It's not his fault that it's the top result for any photography search on google...


----------



## Photongraphy (Sep 19, 2010)

Thanks for the replies. I'm probably wrong about everything, but...



> Low Light photography


Like night vision? I'd love some good exposure setting with a remote control to catch photos of the stars, the milky way backdrop, etc... The idea of attaching the camera to a telescope is appealing.



> Macro photography


I think I've used this once. I guess it's to focus on something? *shrug*



> Telephoto photography


The zoom feature on my Point & Shoot is lame. I would like the ability to zoom without getting something that looks like Quake 1.



> Resolution/Sharpness


In my opinion, the higher the resolution, the better it looks when resized, and the more detail is in the picture. Furthermore, I think sharpness is good, because I hate blurry photos. Doesn't that have to do with ISO?



> Narrow depth of field


No idea.



> Speed


Shooting pictures quickly? Yes, I like this.

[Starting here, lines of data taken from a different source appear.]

lemma infdist_step_along_tangent:
  fixes S :: "'a::real_normed_vector set"
  assumes p: "p \<in> S" and u: "u \<in> tangent_cone S p" "norm (u - v) < \<epsilon>" and \<tau>: "\<tau> > 0"
  obtains t where "0 < t" "t < \<tau>" "infdist (z + t *\<^sub>R v) S \<le> dist z p + t * \<epsilon>"
proof -
  obtain t uk where t: "\<forall>k. t k > 0" "t \<longlonglongrightarrow> 0" and uk: "uk \<longlonglongrightarrow> u"
    and uS: "\<forall>k. p + t k *\<^sub>R uk k \<in> S"
    using u(1) unfolding tangent_cone_def by blast
  have "(\<lambda>k. norm (uk k - v)) \<longlonglongrightarrow> norm (u - v)"
    by (intro tendsto_intros uk)
  then have "\<forall>\<^sub>F k in sequentially. norm (uk k - v) < \<epsilon>"
    using u(2) order_tendstoD(2) by blast
  moreover have "\<forall>\<^sub>F k in sequentially. t k < \<tau>"
    using t(2) \<tau> order_tendstoD(2) by blast
  ultimately have "\<forall>\<^sub>F k in sequentially. norm (uk k - v) < \<epsilon> \<and> t k < \<tau>"
    by eventually_elim blast
  then obtain k where k: "norm (uk k - v) < \<epsilon>" "t k < \<tau>"
    using eventually_happens'[OF sequentially_bot] by blast
  have tk: "t k > 0"
    using t(1) by simp
  have "infdist (z + t k *\<^sub>R v) S \<le> dist (z + t k *\<^sub>R v) (p + t k *\<^sub>R uk k)"
    using uS by (intro infdist_le) auto
  also have "\<dots> = norm ((z - p) + t k *\<^sub>R (v - uk k))"
    by (simp add: dist_norm algebra_simps)
  also have "\<dots> \<le> norm (z - p) + norm (t k *\<^sub>R (v - uk k))"
    by (rule norm_triangle_ineq)
  also have "\<dots> = dist z p + t k * norm (uk k - v)"
    using tk by (simp add: dist_norm norm_minus_commute)
  also have "\<dots> \<le> dist z p + t k * \<epsilon>"
    using k tk by simp
  finally show ?thesis
    using that tk k(2) by blast
qed
(* Let $k\ge 2$ be an integer and let $b\in\mathbb{C}\setminus\mathbb{Z}$. Writing $d_j(b)=\delta_{1j}+\mathrm{Li}_{1-j}(e^{-2\pi i b})$, the Hurwitz zeta function satisfies $$\zeta(k,b)=\frac{1}{2b^k}+\frac{(2\pi i)^k d_k(b)}{4(k-1)!}+\frac{(2\pi i)^k e^{-2\pi i b}}{4}\sum_{j=1}^{k}\frac{d_j(b)}{(j-1)!\,(k-j)!}-\frac{i(2\pi i)^k}{2}\int_{0}^{1}\sum_{j=1}^{k}\frac{d_j(b)\left(u^{k-j}e^{-2\pi i b u}-e^{-2\pi i b}\right)}{(j-1)!\,(k-j)!}\cot(\pi u)\,du.$$
   Context: $\zeta(k,b)=\sum_{j=0}^{\infty}(j+b)^{-k}$ is the Hurwitz zeta function. $i$ is the imaginary unit, $\delta_{1j}$ the Kronecker delta, and $\mathrm{Li}_s(z)$ the polylogarithm (analytic continuation of $\sum_{m\ge1}z^m/m^s$; for $s\le0$ an integer it is a rational function of $z$ defined for $z\ne1$). *)

theory Defs
  imports "HOL-Analysis.Analysis"
begin

definition hurwitz_zeta :: "nat \<Rightarrow> complex \<Rightarrow> complex" where
  "hurwitz_zeta k b = (\<Sum>j. 1 / (of_nat j + b) ^ k)"

text \<open>Polylogarithm of non-positive integer order, Li_{-n}(z), as the rational
  function obtained by analytic continuation: Li_0(z) = z/(1-z) and
  Li_{-(n+1)}(z) = z * d/dz Li_{-n}(z).\<close>
fun polylog_neg :: "nat \<Rightarrow> complex \<Rightarrow> complex" where
  "polylog_neg 0 z = z / (1 - z)"
| "polylog_neg (Suc n) z = z * deriv (polylog_neg n) z"

definition d_coef :: "nat \<Rightarrow> complex \<Rightarrow> complex" where
  "d_coef j b = (if j = 1 then 1 else 0) + polylog_neg (j - 1) (exp (- 2 * pi * \<i> * b))"

end

theory Submission
  imports Defs "HOL-Complex_Analysis.Complex_Analysis"
begin

text \<open>Write z = exp(-2 pi i b) and P_m(s) = sum_j d_j(b) s^(m-j) / ((j-1)! (m-j)!), so that
  P_m' = P_(m-1). The recurrence Li_(-n)(z) = z (1 + sum_m (n choose m) Li_(-m)(z)) says exactly
  that P_m(0) = z P_m(1) for m >= 2, so repeated integration by parts gives
  int_0^1 P_k(u) e^(-a u) du = a^(-k) whenever e^(-a) = z. Hence the kernel
  g(u) = P_k(u) e^(-2 pi i b u) - z P_k(1), which vanishes at 0 and 1, has n-th Fourier
  coefficient (2 pi i (b + n))^(-k) for n >= 1. Writing cot(pi u) = i (1 + w) / (1 - w) with
  w = e^(-2 pi i u) and expanding geometrically expresses int_0^1 g(u) cot(pi u) du through these
  coefficients, i.e. through zeta(k, b); the remainder tends to 0 by the Riemann-Lebesgue lemma.
  Below, P_m is \<open>d_poly b m\<close> and g is \<open>hurwitz_kernel b k\<close>.\<close>

lemma sum_atMost_Suc_binomial:
  fixes f :: "nat \<Rightarrow> 'a::semiring_1"
  shows "(\<Sum>m\<le>Suc n. of_nat (Suc n choose m) * f m) =
         (\<Sum>m\<le>n. of_nat (n choose m) * f m) + (\<Sum>m\<le>n. of_nat (n choose m) * f (Suc m))"
proof -
  have "(\<Sum>m\<le>Suc n. of_nat (Suc n choose m) * f m) =
        f 0 + (\<Sum>m\<le>n. of_nat (n choose Suc m) * f (Suc m)) + (\<Sum>m\<le>n. of_nat (n choose m) * f (Suc m))"
    by (subst sum.atMost_Suc_shift) (simp add: sum.distrib distrib_right ac_simps)
  also have "f 0 + (\<Sum>m\<le>n. of_nat (n choose Suc m) * f (Suc m)) = (\<Sum>m\<le>Suc n. of_nat (n choose m) * f m)"
    by (subst sum.atMost_Suc_shift) simp
  also have "\<dots> = (\<Sum>m\<le>n. of_nat (n choose m) * f m)"
    by (simp add: binomial_eq_0)
  finally show ?thesis .
qed
(* In the known-variance setup, let $p'_{ZS}(r)=\frac{\Gamma((K+1)/2)}{\Gamma(K/2)\Gamma(1/2)}\frac{2r^{K-1}}{(1+r^2)^{(K+1)/2}}$ for $r>0$. Then $$\int_0^\infty p(\mathbf y\mid r)\,p'_{ZS}(r)\,dr=\frac{C_\sigma\,e^{-N\langle\mathbf z^2\rangle/2}}{\sqrt\pi}\,\Gamma\!\left(\frac{K+1}{2}\right)\sum_{j=0}^\infty\frac1{j!}\left(\frac{N^2\hat b^2}{4}\right)^{j}U\!\left(\frac K2+j;\frac12+j;\frac N2\right).$$
   Context: Known-variance setup: known $\sigma_1,\dots,\sigma_N>0$; $z_n=y_n/\sigma_n$; $\mathbb X\in\mathbb R^{N\times K}$ with entries $X_k(c_n)/\sigma_n$, full column rank. $\langle\mathbf z^2\rangle=\mathbf z^T\mathbf z/N$, $\mathbb H=\mathbb X^T\mathbb X/N=\mathbb S\mathbb L\mathbb S^T$, $\mathbf h=\mathbb X^T\mathbf z/N$, $\hat{\mathbf b}=\mathbb L^{1/2}\mathbb S^T\mathbb H^{-1}\mathbf h$, $\hat b^2=\|\hat{\mathbf b}\|^2$, $C_\sigma=\prod_n(2\pi\sigma_n^2)^{-1/2}$. Likelihood $p(\mathbf y\mid\mathbf b)=C_\sigma\exp[-\tfrac N2(\langle\mathbf z^2\rangle+\|\mathbf b\|^2-2\hat{\mathbf b}^T\mathbf b)]$; $p(\mathbf y\mid r)=\int p(\mathbf y\mid\mathbf b)d\mu_r(\mathbf b)$ with $\mu_r$ the uniform probability measure on the radius-$r$ sphere of $\mathbb R^K$. $U(\alpha;\beta;x)=\frac1{\Gamma(\alpha)}\int_0^\infty e^{-xt}t^{\alpha-1}(1+t)^{\beta-\alpha-1}dt$. *)

theory Defs
  imports "HOL-Analysis.Analysis"
begin

text \<open>Known-variance setup. Index type 'n for the N data points, 'k for the K basis
functions; N = CARD('n), K = CARD('k). A $ n $ k is X_k(c_n).\<close>

definition zvec :: "real^'n \<Rightarrow> real^'n \<Rightarrow> real^'n" where
  "zvec sg y = (\<chi> n. y $ n / sg $ n)"

definition Xmat :: "real^'n \<Rightarrow> real^'k^'n \<Rightarrow> real^'k^'n" where
  "Xmat sg A = (\<chi> n k. A $ n $ k / sg $ n)"

definition z2mean :: "real^'n \<Rightarrow> real^'n \<Rightarrow> real" where
  "z2mean sg y = (zvec sg y \<bullet> zvec sg y) / real CARD('n)"

definition Hmat :: "real^'n \<Rightarrow> real^'k^'n \<Rightarrow> real^'k^'k" where
  "Hmat sg A = (1 / real CARD('n)) *\<^sub>R (transpose (Xmat sg A) ** Xmat sg A)"

definition hvec :: "real^'n \<Rightarrow> real^'k^'n \<Rightarrow> real^'n \<Rightarrow> real^'k" where
  "hvec sg A y = (1 / real CARD('n)) *\<^sub>R (transpose (Xmat sg A) *v zvec sg y)"

definition diag_mat :: "real^'k \<Rightarrow> real^'k^'k" where
  "diag_mat lam = (\<chi> i j. if i = j then lam $ i else 0)"

definition bhat :: "real^'n \<Rightarrow> real^'k^'n \<Rightarrow> real^'n \<Rightarrow> real^'k^'k \<Rightarrow> real^'k \<Rightarrow> real^'k" where
  "bhat sg A y S lam =
     (diag_mat (\<chi> i. sqrt (lam $ i)) ** transpose S ** matrix_inv (Hmat sg A)) *v hvec sg A y"

definition Csigma :: "real^'n \<Rightarrow> real" where
  "Csigma sg = (\<Prod>n\<in>UNIV. 1 / sqrt (2 * pi * (sg $ n)^2))"

definition lik_b :: "real^'n \<Rightarrow> real^'k^'n \<Rightarrow> real^'n \<Rightarrow> real^'k^'k \<Rightarrow> real^'k \<Rightarrow> real^'k \<Rightarrow> real" where
  "lik_b sg A y S lam b = Csigma sg *
     exp (- (real CARD('n) / 2) * (z2mean sg y + (norm b)^2 - 2 * (bhat sg A y S lam \<bullet> b)))"

text \<open>Uniform probability measure on the sphere of radius r in R^K: the image of the
uniform distribution on the unit ball under x \<mapsto> r x / |x|.\<close>
definition sphere_measure :: "real \<Rightarrow> (real^'k) measure" where
  "sphere_measure r = distr (uniform_measure lborel (ball 0 1)) borel (\<lambda>x. r *\<^sub>R (x /\<^sub>R norm x))"

definition lik_r :: "real^'n \<Rightarrow> real^'k^'n \<Rightarrow> real^'n \<Rightarrow> real^'k^'k \<Rightarrow> real^'k \<Rightarrow> real \<Rightarrow> real" where
  "lik_r sg A y S lam r = (\<integral>b. lik_b sg A y S lam b \<partial>(sphere_measure r :: (real^'k) measure))"

definition hyperU :: "real \<Rightarrow> real \<Rightarrow> real \<Rightarrow> real" where
  "hyperU a b x = (1 / Gamma a) *
     (LBINT t:{0<..}. exp (- x * t) * t powr (a - 1) * (1 + t) powr (b - a - 1))"

definition pZS :: "nat \<Rightarrow> real \<Rightarrow> real" where
  "pZS K r = Gamma ((real K + 1) / 2) / (Gamma (real K / 2) * Gamma (1 / 2)) *
     (2 * r ^ (K - 1) / (1 + r^2) powr ((real K + 1) / 2))"

end

theory Submission
  imports Defs "HOL-Probability.Probability"
begin

(* Write u for the uniform random direction in R^K and b for bhat; the
   uniform measure on the sphere is the image of the uniform measure on the unit ball under
   x |-> r sgn x, so sphere averages are ball integrals.  The likelihood on the sphere of
   radius r factorises as
     lik_r r = C_sigma e^{-N<z^2>/2} e^{-N r^2/2} E[exp (N r (b . u))],
   and the directional exponential average is the series
     E[exp (a (b . u))] = sum_j (a |b| / 2)^(2j) Gamma(K/2) / (j! Gamma(K/2 + j)).
   Its coefficients are the even directional moments E[(b . u)^(2j)]; they are obtained by
   computing the Gaussian moments of the linear form b . x in two ways: from the
   cosh generating function (uniqueness of power series with nonnegative coefficients)
   and by polar decomposition (directional moment times a radial Gamma integral).
   Integrating the series term by term against the prior, the substitution t = r^2 turns
   each radial integral into Gamma(K/2+j) U(K/2+j; 1/2+j; N/2); the interchange of sum and
   integral is monotone convergence in ennreal, and summability of the resulting series
   follows from the bound U(a;b;x) <= x^(-a). *)

lemma sets_borel_ball[measurable]: "ball (c::'a::metric_space) r \<in> sets borel"
  by simp
text \<open>
  Modulo O_n^circ(V), a mode u_(-k) with k >= 2n+2 can be traded for modes of smaller index:
  for a = L(-1)^p u with p = k - 2n - 2, the element a o_n w is a nonzero multiple of
  u_(-k) w plus multiples of u_(-j) w with j < k. By the permutation property, reordering the
  modes of u_(-k_1) ... u_(-k_m) v changes it only by an element of F_(m-1)(v), and a mode
  u_j with j >= 0 moved next to v kills it. Induction on m and, inside, on k_1 + ... + k_m
  therefore writes every such monomial as a combination of the ordered monomials
  u_(-2n-1)^(i_(2n+1)) ... u_(-1)^(i_1) v modulo O_n^circ(V). Taking v = 1 puts V^u inside the
  subalgebra of A_n(V) generated by the ordered monomials applied to the vacuum.
\<close>

definition ordered_modes :: "nat \<Rightarrow> (nat \<Rightarrow> nat) \<Rightarrow> int list" where
  "ordered_modes n i = concat (map (\<lambda>j. replicate (i j) (int j)) (rev [1..<2 * n + 2]))"

lemma umon_Nil [simp]: "umon V u [] v = v"
  by (simp add: umon_def)

lemma umon_Cons [simp]: "umon V u (k # ks) v = md V u (- k) (umon V u ks v)"
  by (simp add: umon_def)

lemma umon_append: "umon V u (ks @ ks') v = umon V u ks (umon V u ks' v)"
  by (simp add: umon_def)

lemma umon_replicate: "umon V u (replicate c k) v = (md V u (- k) ^^ c) v"
  by (induction c) auto

lemma ordmon_eq_umon: "ordmon V u n i v = umon V u (ordered_modes n i) v"
proof -
  have "fold (\<lambda>j w. (md V u (- int j) ^^ i j) w) js v
      = umon V u (concat (map (\<lambda>j. replicate (i j) (int j)) (rev js))) v" for js
    by (induction js arbitrary: v) (simp_all add: umon_append umon_replicate)
  then show ?thesis
    unfolding ordmon_def ordered_modes_def .
qed

lemma ordered_modes_ge_1: "k \<in> set (ordered_modes n i) \<Longrightarrow> k \<ge> 1"
  unfolding ordered_modes_def by auto

lemma mset_eq_ordered_modes:
  assumes "\<forall>k\<in>set ks. 1 \<le> k \<and> k \<le> 2 * int n + 1"
  shows "mset ks = mset (ordered_modes n (\<lambda>j. count (mset ks) (int j)))"
proof (rule multiset_eqI)
  fix k
  have count_concat: "count (mset (concat (map (\<lambda>j. replicate (c j) (int j)) js))) k
      = (\<Sum>j\<leftarrow>js. if int j = k then c j else 0)" for c js
    by (induction js) auto
  have "count (mset (ordered_modes n (\<lambda>j. count (mset ks) (int j)))) k
      = (\<Sum>j\<in>{1..<2 * n + 2}. if j = nat k then count (mset ks) k else 0)"
    unfolding ordered_modes_def count_concat
      sum_list_distinct_conv_sum_set[OF distinct_rev[THEN iffD2, OF distinct_upt]]
    by (intro sum.cong) auto
  also have "\<dots> = count (mset ks) k"
    using assms by (auto simp: count_eq_zero_iff)
  finally show "count (mset ks) k
      = count (mset (ordered_modes n (\<lambda>j. count (mset ks) (int j)))) k" ..
qed

lemma gmon_replicate: "gmon V (replicate (length ks) u) ks v = umon V u ks v"
  unfolding gmon_def umon_def by (induction ks) auto

lemma fsum_eq_sum_lessThan:
  assumes "\<And>i. i \<ge> N \<Longrightarrow> g i = 0"
  shows "fsum g = sum g {..<N}"
  unfolding fsum_def using assms not_le by (intro sum.mono_neutral_left) auto

lemma pochhammer_of_nat_neq_0:
  "0 < x \<Longrightarrow> pochhammer (of_nat x :: 'a::{comm_semiring_1, semiring_char_0}) p \<noteq> 0"
  by (simp add: pochhammer_of_nat pochhammer_pos)

lemma perm_propD:
  assumes "perm_prop V u W" "\<sigma> permutes {..<m}" "m \<ge> 1" "length as = m" "length ks = m"
    "set as \<subseteq> Vu V u" "v \<in> W"
  shows "gmon V as ks v - gmon V (map (\<lambda>i. as ! \<sigma> i) [0..<m]) (map (\<lambda>i. ks ! \<sigma> i) [0..<m]) v
           \<in> Ffilt V u (m - 1) v"
  using assms unfolding perm_prop_def by blast

lemma zhu_gen_mono: "G \<subseteq> zhu_gen V n H \<Longrightarrow> zhu_gen V n G \<subseteq> zhu_gen V n H"
proof
  fix x
  assume "G \<subseteq> zhu_gen V n H" "x \<in> zhu_gen V n G"
  then show "x \<in> zhu_gen V n H"
    by (induction rule: zhu_gen.induct[OF \<open>x \<in> zhu_gen V n G\<close>]) (auto intro: zhu_gen.intros)
qed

And what kind of card should I use? 64 GB SDHC? Any particular brands to avoid, etc...?



EDIT: I guess what matters to me the most is superb image quality with excellent low-light capabilities, a remote shutter switch, and a high resolution. I want to take night pictures of the cities I visit. I need to be able to manually set my exposure time, rather than be limited to 15 seconds on my current Point & Shoot. A good tripod would be sorely needed as well, preferably one that can handle panoramas. Right now, I use a cheap tripod and just manually turn it. :meh:


----------



## ann (Sep 19, 2010)

It is wonderful when he reviews a piece of equipment he has never used


----------



## Garbz (Sep 20, 2010)

Low light photography: This just refers to the moments when you need to pull out a tripod. The term can be used for anything like a typical indoor house at night, to night time photo such as the city you just linked to, to star photography. The first is trivial to learn, the second a bit of a beyond the basics type thing, however taking photos of stars through satellites is a very advanced topic and would by easily considered throwing yourself in the very deep end. 

Macro Photography: Taking photos of something small

Telephotography: Taking pictures of something far away. This does not imply zooming. It just implies far away. You can get fixed telephoto lenses and they cost as much as a small car, but have prevented many national geographic photographers from getting eaten by their subjects.

Resolution and sharpness: One of the things to learn is how the system works, not just the camera. The Nikon D2h has a lower resolution sensor (megapixels) than the iPhone 4, but it takes far better and sharper pictures because of the glass.

ISO: The sensitivity of the camera. The higher ISO the brighter the resulting image when everything else is held constant. 

Narrow depth of field: Picture says 1000 words: http://www.dphotoexpert.com/wp-content/uploads/2007/09/true1point2web.jpg



For your desires basically any DSLR and even many modern flexible point and shoots like the Canon G10 would suffice too.


----------



## Photongraphy (Sep 20, 2010)

Thanks. I appear to have mixed up Narrow Depth of Field. I thought that was a macro technique. Great advice, thanks!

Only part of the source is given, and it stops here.